Go over these records and count the lines with the string "cong" in them; the count is all that should be returned.

──────

(* Let $G(q)$ be a finite Chevalley group over $\mathbb{F}_q$ and let $P\subset G(q)$ be a proper parabolic subgroup. Then for any nonempty set $A\subseteq G(q)$ one has either $$|AP|\,|A\cap P| \ge 2^{-1}|A|^2 \quad\text{or}\quad |AP|\,|PA|\ge 2^{-2}|A||P|q.$$ In particular, $$\max\{|AP|,|PA|\}\ge 2^{-1}\min\{|A|^2|A\cap P|^{-1},\,(|A||P|q)^{1/2}\}$$ (with $|A|^2|A\cap P|^{-1}=+\infty$ when $A\cap P=\emptyset$). Similarly, $$|APA|\ge \frac{|P|}{4}\cdot\min\{q,\; |A|^4\sigma_P(A^{-1},A)^{-1}\sigma_P(A,A^{-1})^{-1}\}.$$ Moreover, if $B\subseteq P$ is a Borel subgroup with $P=BW_JB$ and $A\not\subseteq P$, then $|PAB|\ge q|P|$.
   Context: $G(q)$ is a (possibly twisted) finite Chevalley group over the finite field $\mathbb{F}_q$ with its BN-pair structure (Borel subgroup $B$, Weyl group $W$); a parabolic subgroup is a subgroup containing a Borel subgroup, equivalently a conjugate of some $P_J=BW_JB$ where $W_J$ is the subgroup of $W$ generated by a subset $J$ of the fundamental reflections. For sets $X,Y$ in a group, $XY=\{xy\}$, $X^{-1}=\{x^{-1}\}$, $r_{XY}(z)$ is the number of pairs $(x,y)\in X\times Y$ with $xy=z$, and for a set $S$, $\sigma_S(X,Y)=\sum_{z\in S} r_{XY}(z)$. *)

theory Defs
  imports "HOL-Algebra.Algebra" "HOL-Computational_Algebra.Primes"
begin

definition rep_count :: "('a, 'b) monoid_scheme \<Rightarrow> 'a set \<Rightarrow> 'a set \<Rightarrow> 'a \<Rightarrow> nat" where
  "rep_count G U V z = card {(x, y). x \<in> U \<and> y \<in> V \<and> x \<otimes>\<^bsub>G\<^esub> y = z}"

definition sigma_count :: "('a, 'b) monoid_scheme \<Rightarrow> 'a set \<Rightarrow> 'a set \<Rightarrow> 'a set \<Rightarrow> nat" where
  "sigma_count G S U V = (\<Sum>z\<in>S. rep_count G U V z)"

definition conj_set :: "('a, 'b) monoid_scheme \<Rightarrow> 'a \<Rightarrow> 'a set \<Rightarrow> 'a set" where
  "conj_set G g H = (g <#\<^bsub>G\<^esub> H) #>\<^bsub>G\<^esub> inv\<^bsub>G\<^esub> g"

text \<open>Tits system (BN-pair) (G,B,N,S): S is a set of representatives in N of the
  fundamental reflections generating W = N/(B \<inter> N).\<close>
definition tits_system :: "('a, 'b) monoid_scheme \<Rightarrow> 'a set \<Rightarrow> 'a set \<Rightarrow> 'a set \<Rightarrow> bool" where
  "tits_system G B N S \<longleftrightarrow>
     group G \<and> subgroup B G \<and> subgroup N G \<and>
     generate G (B \<union> N) = carrier G \<and>
     (B \<inter> N) \<lhd> (G\<lparr>carrier := N\<rparr>) \<and>
     S \<subseteq> N \<and>
     (\<forall>s\<in>S. s \<notin> B \<inter> N \<and> s \<otimes>\<^bsub>G\<^esub> s \<in> B \<inter> N) \<and>
     generate (G\<lparr>carrier := N\<rparr> Mod (B \<inter> N)) ((\<lambda>s. (B \<inter> N) #>\<^bsub>G\<^esub> s) ` S)
        = carrier (G\<lparr>carrier := N\<rparr> Mod (B \<inter> N)) \<and>
     (\<forall>s\<in>S. \<forall>n\<in>N. ({s} <#>\<^bsub>G\<^esub> B) <#>\<^bsub>G\<^esub> {n} \<subseteq>
         ((B <#>\<^bsub>G\<^esub> {n}) <#>\<^bsub>G\<^esub> B) \<union> ((B <#>\<^bsub>G\<^esub> {s \<otimes>\<^bsub>G\<^esub> n}) <#>\<^bsub>G\<^esub> B)) \<and>
     (\<forall>s\<in>S. conj_set G s B \<noteq> B)"

definition borel_subgroup :: "('a, 'b) monoid_scheme \<Rightarrow> 'a set \<Rightarrow> 'a set \<Rightarrow> bool" where
  "borel_subgroup G B Bo \<longleftrightarrow> (\<exists>g\<in>carrier G. Bo = conj_set G g B)"

definition parabolic_subgroup :: "('a, 'b) monoid_scheme \<Rightarrow> 'a set \<Rightarrow> 'a set \<Rightarrow> bool" where
  "parabolic_subgroup G B P \<longleftrightarrow> subgroup P G \<and> (\<exists>Bo. borel_subgroup G B Bo \<and> Bo \<subseteq> P)"

text \<open>Finite group with a BN-pair whose parameters over F_q satisfy
  |B s B| \<ge> q |B| for every fundamental reflection s (true for all finite
  (twisted) Chevalley groups G(q)).\<close>
definition finite_BN_group_over :: "('a, 'b) monoid_scheme \<Rightarrow> 'a set \<Rightarrow> 'a set \<Rightarrow> 'a set \<Rightarrow> nat \<Rightarrow> bool" where
  "finite_BN_group_over G B N S q \<longleftrightarrow>
     tits_system G B N S \<and> finite (carrier G) \<and>
     (\<exists>p k. Factorial_Ring.prime (p::nat) \<and> k > 0 \<and> q = p ^ k) \<and>
     (\<forall>s\<in>S. card ((B <#>\<^bsub>G\<^esub> {s}) <#>\<^bsub>G\<^esub> B) \<ge> q * card B)"

end

theory Submission
  imports Defs
begin

text \<open>
  Let \<open>Bo \<subseteq> P\<close> be a Borel subgroup. The BN-pair axioms give, via the Bruhat decomposition and a
  representative of minimal length of \<open>B x P\<close> in \<open>N\<close>, that \<open>|B \<inter> x P x\<^sup>-\<^sup>1| \<le> |B \<inter> s B s\<^sup>-\<^sup>1|\<close>
  for a simple reflection \<open>s\<close> whenever \<open>x \<notin> P\<close>; since \<open>|B s B| \<ge> q |B|\<close>,
  every double coset \<open>P g Bo\<close> with \<open>g \<notin> P\<close> has at least \<open>q |P|\<close> elements, and equivalently
  \<open>P \<inter> g\<^sup>-\<^sup>1 P g\<close> has index at least \<open>q\<close> in \<open>P\<close>.

  The rest is counting with this property, using Cauchy-Schwarz on the fibres of multiplication.
  For \<open>y \<notin> P\<close> the cosets \<open>y P\<close> and \<open>P y\<close> meet in \<open>y (P \<inter> y\<^sup>-\<^sup>1 P y)\<close>, so a right coset of \<open>P\<close>
  contains at most \<open>|P| / q\<close> elements of a left coset \<open>a P \<noteq> P\<close>. This bounds \<open>q |A \<inter> a P|\<close> by
  \<open>|PA|\<close> for \<open>a \<notin> P\<close>, hence \<open>q |A - P| |P|\<close> by \<open>|AP| |PA|\<close>, which gives the dichotomy and the
  bound on \<open>max |AP| |PA|\<close>. For \<open>|APA|\<close> one bounds the multiplicative energy of \<open>AP\<close> and \<open>PA\<close>:
  pairs \<open>x, x'\<close> in \<open>AP\<close> with \<open>x\<^sup>-\<^sup>1 x' \<in> P\<close> are few, and for the others the translate
  \<open>x\<^sup>-\<^sup>1 x' PA\<close> meets \<open>PA\<close> in at most \<open>|PA|\<^sup>2 / (q |P|)\<close> points.
\<close>

section \<open>Counting fibres\<close>

lemma sum_sq_le_card_mult_sum_sq:
  fixes x :: "'u \<Rightarrow> real"
  assumes "finite U"
  shows "(\<Sum>u\<in>U. x u)^2 \<le> real (card U) * (\<Sum>u\<in>U. (x u)^2)"
proof -
  have "0 \<le> (\<Sum>u\<in>U. \<Sum>v\<in>U. (x u - x v)^2)" by (intro sum_nonneg) auto
  also have "\<dots> = (\<Sum>u\<in>U. \<Sum>v\<in>U. (x u)^2 + (x v)^2 - 2 * (x u * x v))"
    by (intro sum.cong refl) (simp add: power2_diff)
  also have "\<dots> = (\<Sum>u\<in>U. real (card U) * (x u)^2 + (\<Sum>v\<in>U. (x v)^2) - 2 * x u * (\<Sum>v\<in>U. x v))"
    by (intro sum.cong refl) (simp add: sum_subtractf sum.distrib sum_distrib_left mult.assoc)
  also have "\<dots> = 2 * real (card U) * (\<Sum>u\<in>U. (x u)^2) - 2 * (\<Sum>u\<in>U. x u)^2"
    by (simp add: sum_subtractf sum.distrib sum_distrib_left[symmetric] sum_distrib_right[symmetric] power2_eq_square)
  finally show ?thesis by simp
qed

lemma card_eq_sum_card_fibres:
  assumes "finite T"
  shows "card T = (\<Sum>u\<in>f ` T. card {t \<in> T. f t = u})"
  using sum.image_gen[OF assms, of "\<lambda>_. 1::nat" f] by simp

lemma card_eq_card_image_mult:
  assumes "finite T" and "\<And>u. u \<in> f ` T \<Longrightarrow> card {t \<in> T. f t = u} = c"
  shows "card T = card (f ` T) * c"
  using card_eq_sum_card_fibres[OF assms(1), of f] assms(2) by simp

lemma mult_card_le_card_image_mult:
  assumes "finite T" and "\<And>u. u \<in> f ` T \<Longrightarrow> k * card {t \<in> T. f t = u} \<le> c"
  shows "k * card T \<le> card (f ` T) * c"
proof -
  have "k * card T = (\<Sum>u\<in>f ` T. k * card {t \<in> T. f t = u})"
    by (simp add: card_eq_sum_card_fibres[OF assms(1), of f] sum_distrib_left)
  also have "\<dots> \<le> card (f ` T) * c"
    using sum_bounded_above[of "f ` T" "\<lambda>u. k * card {t \<in> T. f t = u}" c] assms(2) by simp
  finally show ?thesis .
qed

lemma card_sq_le_card_image_mult_collisions:
  assumes "finite T"
  shows "card T ^ 2 \<le> card (f ` T) * card {(t, t'). t \<in> T \<and> t' \<in> T \<and> f t = f t'}"
proof -
  let ?F = "\<lambda>u. {t \<in> T. f t = u}"
  have "{(t, t'). t \<in> T \<and> t' \<in> T \<and> f t = f t'} = (\<Union>u\<in>f ` T. ?F u \<times> ?F u)" by auto
  also have "card \<dots> = (\<Sum>u\<in>f ` T. card (?F u \<times> ?F u))"
    by (rule card_UN_disjoint) (use assms in auto)
  finally have collisions:
    "card {(t, t'). t \<in> T \<and> t' \<in> T \<and> f t = f t'} = (\<Sum>u\<in>f ` T. card (?F u) ^ 2)"
    by (simp add: card_cartesian_product power2_eq_square)
  have "real (card T ^ 2) = (\<Sum>u\<in>f ` T. real (card (?F u)))\<^sup>2"
    using card_eq_sum_card_fibres[OF assms, of f] by simp
  also have "\<dots> \<le> card (f ` T) * (\<Sum>u\<in>f ` T. (real (card (?F u)))\<^sup>2)"
    using assms by (intro sum_sq_le_card_mult_sum_sq) simp
  also have "\<dots> = real (card (f ` T) * card {(t, t'). t \<in> T \<and> t' \<in> T \<and> f t = f t'})"
    unfolding collisions by simp
  finally show ?thesis by linarith
qed

lemma sigma_count_eq_sum:
  assumes "finite S" "finite U" "finite V"
  shows "sigma_count G S U V = (\<Sum>u\<in>U. card {v \<in> V. u \<otimes>\<^bsub>G\<^esub> v \<in> S})"
proof -
  have "sigma_count G S U V = card (\<Union>z\<in>S. {(u, v). u \<in> U \<and> v \<in> V \<and> u \<otimes>\<^bsub>G\<^esub> v = z})"
    unfolding sigma_count_def rep_count_def using assms
    by (subst card_UN_disjoint) (auto intro: finite_subset[of _ "U \<times> V"])
  also have "(\<Union>z\<in>S. {(u, v). u \<in> U \<and> v \<in> V \<and> u \<otimes>\<^bsub>G\<^esub> v = z})
      = (SIGMA u:U. {v \<in> V. u \<otimes>\<^bsub>G\<^esub> v \<in> S})" by auto
  finally show ?thesis using assms by simp
qed

section \<open>Multiplicative energy and double cosets\<close>

definition mult_energy :: "('a, 'b) monoid_scheme \<Rightarrow> 'a set \<Rightarrow> 'a set \<Rightarrow> nat" where
  "mult_energy G U V = card {((u, v), (u', v')).
     u \<in> U \<and> v \<in> V \<and> u' \<in> U \<and> v' \<in> V \<and> u \<otimes>\<^bsub>G\<^esub> v = u' \<otimes>\<^bsub>G\<^esub> v'}"

context group
begin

──────

**Answer to the exercise**.
2